The overlap of high TB prevalence and smoking rates, especially in LMICs, highlights the need for targeted public health interventions. Policies that integrate smoking cessation into TB control programs could significantly reduce the global TB burden. Routine incorporation of smoking cessation into TB care has the potential to enhance treatment adherence, reduce drug resistance, and improve patient outcomes. Global frameworks already exist but are often implemented in silos. The WHO’s MPOWER package offers a set of evidence-based tobacco control measures (Monitor tobacco use, Protect people from smoke, Offer help to quit, Warn about dangers, Enforce bans on advertising, and Raise taxes) that can be synergistically aligned with the WHO’s End TB Strategy. For example, raising tobacco taxes not only reduces smoking prevalence but can also generate revenue to fund TB control programs. Similarly, integrating “Offer help to quit” services directly into TB clinics is a high-impact intervention. However, policy implementation in LMICs faces substantial barriers, including limited resources, and weak health systems. Successful country models, such as integrating brief tobacco interventions into national TB programs, demonstrate that these challenges can be overcome with political commitment and tailored strategies (WHO Report on the Global Tobacco Epidemic, 2019; The End TB Strategy, 2025; A WHO the Union Monograph on TB and Tobacco Control, 2005).

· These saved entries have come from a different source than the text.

lemma abelian_order_dvd_square:
  assumes "comm_group G"
  shows "order G dvd p ^ 2"
proof -
  obtain x where x: "x \<in> carrier G" "x \<notin> N"
    using N_subset N_proper by blast
  have ord_x: "ord x = order G"
    using ord_outside_N_abelian[OF assms] x by blast
  obtain w where w: "w \<in> N" "w \<noteq> \<one>"
    using N_nontrivial subgroup.one_closed[OF N_subgroup] by blast
  have "p dvd order G"
    using ord_dvd_group_order[of w] ord_N[OF w] w(1) N_subset by auto
  have "x [^] p \<in> N"
  proof (rule ccontr)
    assume "x [^] p \<notin> N"
    hence "ord (x [^] p) = order G"
      using ord_outside_N_abelian[OF assms] x(1) by simp
    moreover have "ord (x [^] p) = order G div p"
      using ord_pow[OF x(1)] ord_x \<open>p dvd order G\<close> prime_gt_0_nat[OF prime_p] by simp
    moreover have "0 < order G"
      using card_N_less_order by simp
    ultimately show False
      using div_less_dividend prime_gt_1_nat[OF prime_p] by (metis less_irrefl)
  qed
  hence "(x [^] p) [^] p = \<one>"
    using ord_N pow_ord_eq_1[of "x [^] p"] x(1) by (cases "x [^] p = \<one>") auto
  thus ?thesis
    using pow_eq_id[OF x(1), of "p * p"] ord_x nat_pow_pow[OF x(1)] by (simp add: power2_eq_square)
qed

lemma abelian_orders:
  assumes "comm_group G"
  shows "card N = p" "order G = p * p"
proof -
  obtain j where j: "j \<le> 2" "order G = p ^ j"
    using abelian_order_dvd_square[OF assms] divides_primepow_nat[OF prime_p] by blast
  moreover obtain i where i: "i \<le> 2" "card N = p ^ i"
    using abelian_order_dvd_square[OF assms] card_N_dvd_order divides_primepow_nat[OF prime_p]
      dvd_trans by metis
  moreover have "p ^ i < p ^ j"
    using card_N_less_order i j by simp
  hence "i < j"
    using prime_gt_1_nat[OF prime_p] by (simp add: power_strict_increasing_iff)
  moreover have "i \<noteq> 0"
    using card_N_ge_2 i(2) by (cases "i = 0") simp_all
  ultimately have "i = 1" "j = 2"
    by auto
  thus "card N = p" "order G = p * p"
    using i j by (simp_all add: power2_eq_square)
qed

lemma card_N_le_psi_N: "card N \<le> psi (G\<lparr>carrier := N\<rparr>)"
proof -
  have "card N - 1 \<le> p * (card N - 1)"
    using prime_gt_0_nat[OF prime_p] by simp
  thus ?thesis
    unfolding psi_N by linarith
qed
(* Let $\Gamma=\langle V,(w_u)_{u\in V},\alpha,1\rangle$ be a celebrity game with critical distance $\beta=1$. Then $PoA(\Gamma)\le 2$. Moreover, for any two Nash equilibria $S,S'$ of $\Gamma$, $C(S)\le 2\,C(S')$.
   Context: A celebrity game $\Gamma=\langle V,(w_u)_{u\in V},\alpha,\beta\rangle$ consists of a set of players $V=\{1,\dots,n\}$, celebrity weights $w_u>0$, a link cost $\alpha>0$ and a critical distance $\beta$ with $1\le\beta\le n-1$. A strategy of player $u$ is a set $S_u\subseteq V\setminus\{u\}$; a strategy profile is $S=(S_1,\dots,S_n)$; its outcome graph $G[S]$ is the undirected graph on $V$ with edge set $\{\{u,v\}: u\in S_v\text{ or }v\in S_u\}$. With $d_G$ the graph distance (infinite between different connected components), the cost of player $u$ is $c_u(S)=\alpha|S_u|+\sum_{v:\,d_{G[S]}(u,v)>\beta}w_v$ and the social cost is $C(S)=\sum_{u\in V}c_u(S)$. $S$ is a Nash equilibrium if no player can strictly decrease its cost by changing only its own strategy. $\mathrm{opt}(\Gamma)=\min_S C(S)$ and $PoA(\Gamma)=\max_{S\text{ Nash equilibrium}}C(S)/\mathrm{opt}(\Gamma)$. *)

theory Defs
  imports Complex_Main
begin

definition players :: "nat \<Rightarrow> nat set" where
  "players n = {1..n}"

definition valid_profile :: "nat \<Rightarrow> (nat \<Rightarrow> nat set) \<Rightarrow> bool" where
  "valid_profile n S \<longleftrightarrow> (\<forall>u\<in>players n. S u \<subseteq> players n - {u}) \<and> (\<forall>u. u \<notin> players n \<longrightarrow> S u = {})"

definition adj :: "nat \<Rightarrow> (nat \<Rightarrow> nat set) \<Rightarrow> nat \<Rightarrow> nat \<Rightarrow> bool" where
  "adj n S u v \<longleftrightarrow> u \<in> players n \<and> v \<in> players n \<and> u \<noteq> v \<and> (u \<in> S v \<or> v \<in> S u)"

fun within_dist :: "nat \<Rightarrow> (nat \<Rightarrow> nat set) \<Rightarrow> nat \<Rightarrow> nat \<Rightarrow> nat \<Rightarrow> bool" where
  "within_dist n S 0 u v \<longleftrightarrow> u = v"
| "within_dist n S (Suc k) u v \<longleftrightarrow> within_dist n S k u v \<or> (\<exists>x. within_dist n S k u x \<and> adj n S x v)"

definition player_cost ::
  "nat \<Rightarrow> (nat \<Rightarrow> real) \<Rightarrow> real \<Rightarrow> nat \<Rightarrow> (nat \<Rightarrow> nat set) \<Rightarrow> nat \<Rightarrow> real" where
  "player_cost n w \<alpha> \<beta> S u =
     \<alpha> * real (card (S u)) + (\<Sum>v\<in>{v\<in>players n. \<not> within_dist n S \<beta> u v}. w v)"

definition social_cost ::
  "nat \<Rightarrow> (nat \<Rightarrow> real) \<Rightarrow> real \<Rightarrow> nat \<Rightarrow> (nat \<Rightarrow> nat set) \<Rightarrow> real" where
  "social_cost n w \<alpha> \<beta> S = (\<Sum>u\<in>players n. player_cost n w \<alpha> \<beta> S u)"

definition nash_eq ::
  "nat \<Rightarrow> (nat \<Rightarrow> real) \<Rightarrow> real \<Rightarrow> nat \<Rightarrow> (nat \<Rightarrow> nat set) \<Rightarrow> bool" where
  "nash_eq n w \<alpha> \<beta> S \<longleftrightarrow> valid_profile n S \<and>
     (\<forall>u\<in>players n. \<forall>T. T \<subseteq> players n - {u} \<longrightarrow>
        player_cost n w \<alpha> \<beta> S u \<le> player_cost n w \<alpha> \<beta> (S(u := T)) u)"

definition opt :: "nat \<Rightarrow> (nat \<Rightarrow> real) \<Rightarrow> real \<Rightarrow> nat \<Rightarrow> real" where
  "opt n w \<alpha> \<beta> = Inf {social_cost n w \<alpha> \<beta> S | S. valid_profile n S}"

end

theory Submission
  imports Defs
begin

text \<open>With critical distance 1 a player's cost splits over the other players: towards x,
  player u pays \<alpha> if it buys the link ux, and w x if the link ux is absent altogether.
  Summing u's cost towards x and x's cost towards u gives at least min \<alpha> (w u + w x)
  in every profile, and at most twice that amount in a Nash equilibrium, since each of u, x
  could toggle its own link to x, resp. u.  Summing over all pairs, the social cost of every
  equilibrium is within a factor 2 of the same quantity that bounds every profile from below.\<close>

definition pair_cost :: "(nat \<Rightarrow> real) \<Rightarrow> real \<Rightarrow> (nat \<Rightarrow> nat set) \<Rightarrow> nat \<Rightarrow> nat \<Rightarrow> real" where
  "pair_cost w \<alpha> S u x =
     (if x \<in> S u then \<alpha> else 0) + (if x \<in> S u \<or> u \<in> S x then 0 else w x)"

definition pair_bound_sum :: "nat \<Rightarrow> (nat \<Rightarrow> real) \<Rightarrow> real \<Rightarrow> real" where
  "pair_bound_sum n w \<alpha> = (\<Sum>u\<in>players n. \<Sum>x\<in>players n - {u}. min \<alpha> (w u + w x))"

lemma finite_players [simp]: "finite (players n)"
  by (simp add: players_def)

lemma sum_off_diagonal_swap:
  assumes "finite A"
  shows "(\<Sum>u\<in>A. \<Sum>x\<in>A - {u}. f u x) = (\<Sum>u\<in>A. \<Sum>x\<in>A - {u}. f x u)"
proof -
  have "\<And>u. A - {u} = {x. x \<in> A \<and> x \<noteq> u}" by blast
  moreover have "\<And>u. {x. x \<in> A \<and> u \<noteq> x} = {x. x \<in> A \<and> x \<noteq> u}" by blast
  ultimately show ?thesis
    using sum.swap_restrict[OF assms assms, of f "\<lambda>u x. u \<noteq> x"] by simp
qed

lemma player_cost_eq_sum_pair_cost:
  assumes u: "u \<in> players n" and Su: "S u \<subseteq> players n - {u}"
  shows "player_cost n w \<alpha> 1 S u = (\<Sum>x\<in>players n - {u}. pair_cost w \<alpha> S u x)"
proof -
  have links: "\<alpha> * real (card (S u)) = (\<Sum>x\<in>players n - {u}. if x \<in> S u then \<alpha> else 0)"
    using Su by (simp add: sum.If_cases Int_absorb1)
  have "{v \<in> players n. \<not> within_dist n S 1 u v} = {x \<in> players n - {u}. \<not> (x \<in> S u \<or> u \<in> S x)}"
    using u by (auto simp: adj_def)
  then have far: "(\<Sum>v\<in>{v \<in> players n. \<not> within_dist n S 1 u v}. w v)
      = (\<Sum>x\<in>players n - {u}. if x \<in> S u \<or> u \<in> S x then 0 else w x)"
    by (simp add: sum.If_cases Diff_eq Int_def conj_commute)
  show ?thesis
    unfolding player_cost_def pair_cost_def links far by (simp add: sum.distrib)
qed

lemma two_social_cost_eq_sum_pair_costs:
  assumes "valid_profile n S"
  shows "2 * social_cost n w \<alpha> 1 S
    = (\<Sum>u\<in>players n. \<Sum>x\<in>players n - {u}. pair_cost w \<alpha> S u x + pair_cost w \<alpha> S x u)"
proof -
  have "social_cost n w \<alpha> 1 S = (\<Sum>u\<in>players n. \<Sum>x\<in>players n - {u}. pair_cost w \<alpha> S u x)"
    unfolding social_cost_def
    using assms player_cost_eq_sum_pair_cost by (auto simp: valid_profile_def intro: sum.cong)
  then show ?thesis
    using sum_off_diagonal_swap[OF finite_players, of "pair_cost w \<alpha> S" n]
    by (simp add: sum.distrib)
qed

lemma min_le_pair_costs:
  assumes "\<alpha> > 0" "w u > 0" "w x > 0"
  shows "min \<alpha> (w u + w x) \<le> pair_cost w \<alpha> S u x + pair_cost w \<alpha> S x u"
  using assms unfolding pair_cost_def by (auto simp: min_def)

text \<open>The deviation removes the link uv if u bought it and buys it otherwise; only the
  term of v in u's cost changes.\<close>

lemma nash_eq_pair_cost_le_toggle:
  assumes ne: "nash_eq n w \<alpha> 1 S" and u: "u \<in> players n" and v: "v \<in> players n" "v \<noteq> u"
  shows "pair_cost w \<alpha> S u v
    \<le> (if v \<in> S u then 0 else \<alpha>) + (if v \<in> S u \<and> u \<notin> S v then w v else 0)"
proof -
  have Su: "S u \<subseteq> players n - {u}"
    using ne u by (auto simp: nash_eq_def valid_profile_def)
  define T where "T = (if v \<in> S u then S u - {v} else insert v (S u))"
  have T: "T \<subseteq> players n - {u}" using Su v unfolding T_def by auto
  have "player_cost n w \<alpha> 1 S u \<le> player_cost n w \<alpha> 1 (S(u := T)) u"
    using ne u T unfolding nash_eq_def by blast
  moreover have "player_cost n w \<alpha> 1 S' u
      = pair_cost w \<alpha> S' u v + (\<Sum>x\<in>players n - {u} - {v}. pair_cost w \<alpha> S' u x)"
    if "S' u \<subseteq> players n - {u}" for S'
    using player_cost_eq_sum_pair_cost[of u n S', OF u that] v by (simp add: sum.remove)
  moreover have "(\<Sum>x\<in>players n - {u} - {v}. pair_cost w \<alpha> (S(u := T)) u x)
      = (\<Sum>x\<in>players n - {u} - {v}. pair_cost w \<alpha> S u x)"
    by (rule sum.cong) (auto simp: pair_cost_def T_def)
  moreover have "pair_cost w \<alpha> (S(u := T)) u v
      = (if v \<in> S u then 0 else \<alpha>) + (if v \<in> S u \<and> u \<notin> S v then w v else 0)"
    using v by (auto simp: pair_cost_def T_def)
  ultimately show ?thesis using Su T by fastforce
qed

lemma nash_eq_pair_costs_le_two_min:
  assumes ne: "nash_eq n w \<alpha> 1 S" and u: "u \<in> players n" and v: "v \<in> players n" "v \<noteq> u"
    and "\<alpha> > 0" "w u > 0" "w v > 0"
  shows "pair_cost w \<alpha> S u v + pair_cost w \<alpha> S v u \<le> 2 * min \<alpha> (w u + w v)"
  using nash_eq_pair_cost_le_toggle[OF ne u v] nash_eq_pair_cost_le_toggle[OF ne v(1) u] v(2) assms
  unfolding pair_cost_def by (auto simp: min_def split: if_splits)

lemma pair_bound_sum_le_two_social_cost:
  assumes "valid_profile n S" "\<alpha> > 0" "\<forall>u\<in>players n. w u > 0"
  shows "pair_bound_sum n w \<alpha> \<le> 2 * social_cost n w \<alpha> 1 S"
  unfolding two_social_cost_eq_sum_pair_costs[OF assms(1)] pair_bound_sum_def
  using assms(2,3) by (intro sum_mono min_le_pair_costs) auto

lemma nash_eq_social_cost_le_pair_bound_sum:
  assumes "nash_eq n w \<alpha> 1 S" "\<alpha> > 0" "\<forall>u\<in>players n. w u > 0"
  shows "social_cost n w \<alpha> 1 S \<le> pair_bound_sum n w \<alpha>"
proof -
  have "2 * social_cost n w \<alpha> 1 S
      \<le> (\<Sum>u\<in>players n. \<Sum>x\<in>players n - {u}. 2 * min \<alpha> (w u + w x))"
    unfolding two_social_cost_eq_sum_pair_costs[OF nash_eq_def[THEN iffD1, OF assms(1), THEN conjunct1]]
    using assms by (intro sum_mono nash_eq_pair_costs_le_two_min) auto
  then show ?thesis
    by (simp add: pair_bound_sum_def sum_distrib_left[symmetric])
qed

lemma pair_bound_sum_pos:
  assumes "2 \<le> n" "\<alpha> > 0" "\<forall>u\<in>players n. w u > 0"
  shows "pair_bound_sum n w \<alpha> > 0"
proof -
  have "1 \<in> players n" "2 \<in> players n"
    using assms(1) by (auto simp: players_def)
  then have "players n - {u} \<noteq> {}" "players n \<noteq> {}" for u
    by (cases "u = 1"; fastforce)+
  then show ?thesis
    unfolding pair_bound_sum_def using assms(2,3) by (intro sum_pos) (auto simp: add_pos_pos)
qed

lemma pair_bound_sum_le_two_opt:
  assumes "\<alpha> > 0" "\<forall>u\<in>players n. w u > 0"
  shows "pair_bound_sum n w \<alpha> \<le> 2 * opt n w \<alpha> 1"
proof -
  have "valid_profile n (\<lambda>_. {})" by (simp add: valid_profile_def)
  then have "pair_bound_sum n w \<alpha> / 2 \<le> Inf {social_cost n w \<alpha> 1 S | S. valid_profile n S}"
    using pair_bound_sum_le_two_social_cost[OF _ assms] by (intro cInf_greatest) force+
  then show ?thesis by (simp add: opt_def)
qed

theorem theorem5:
  fixes n :: nat and w :: "nat \<Rightarrow> real" and \<alpha> :: real
  assumes "\<forall>u\<in>players n. w u > 0" and "\<alpha> > 0" and "1 \<le> n - 1"
  shows "(\<forall>S. nash_eq n w \<alpha> 1 S \<longrightarrow> social_cost n w \<alpha> 1 S / opt n w \<alpha> 1 \<le> 2)
       \<and> (\<forall>S S'. nash_eq n w \<alpha> 1 S \<and> nash_eq n w \<alpha> 1 S' \<longrightarrow>
            social_cost n w \<alpha> 1 S \<le> 2 * social_cost n w \<alpha> 1 S')"
proof -
  have "2 \<le> n" using assms(3) by linarith
  then have opt_pos: "opt n w \<alpha> 1 > 0"
    using pair_bound_sum_pos[of n \<alpha> w] pair_bound_sum_le_two_opt[of \<alpha> n w] assms by simp
  have ne_le: "social_cost n w \<alpha> 1 S \<le> pair_bound_sum n w \<alpha>" if "nash_eq n w \<alpha> 1 S" for S
    using nash_eq_social_cost_le_pair_bound_sum that assms by blast
  have "social_cost n w \<alpha> 1 S / opt n w \<alpha> 1 \<le> 2" if "nash_eq n w \<alpha> 1 S" for S
    using ne_le[OF that] pair_bound_sum_le_two_opt[of \<alpha> n w] assms opt_pos
    by (simp add: divide_le_eq)
  moreover have "social_cost n w \<alpha> 1 S \<le> 2 * social_cost n w \<alpha> 1 S'"
    if "nash_eq n w \<alpha> 1 S" "nash_eq n w \<alpha> 1 S'" for S S'
    using ne_le[OF that(1)] pair_bound_sum_le_two_social_cost[of n S' \<alpha> w] that(2) assms
    by (simp add: nash_eq_def)
  ultimately show ?thesis by blast
qed

end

Despite these promising directions, significant knowledge gaps remain. Understanding the long-term effects of smoking cessation on drug metabolism and TB outcomes requires further investigation. Future research should focus on elucidating the specific mechanisms of DDIs, including the roles of PAHs and nicotine in enzyme modulation. Clinical trials are needed to develop optimal dosing strategies during smoking cessation for TB patients, particularly in relation to newer antituberculous drugs. Additionally, the influence of genetic polymorphisms on enzyme activity among TB smokers and quitters warrants exploration.

A concerted effort to integrate smoking cessation with TB care offers an opportunity to optimize treatment outcomes, reduce healthcare burdens, and enhance the quality of life for affected populations. These efforts should be prioritized in public health strategies to combat the dual burden of TB and tobacco use effectively.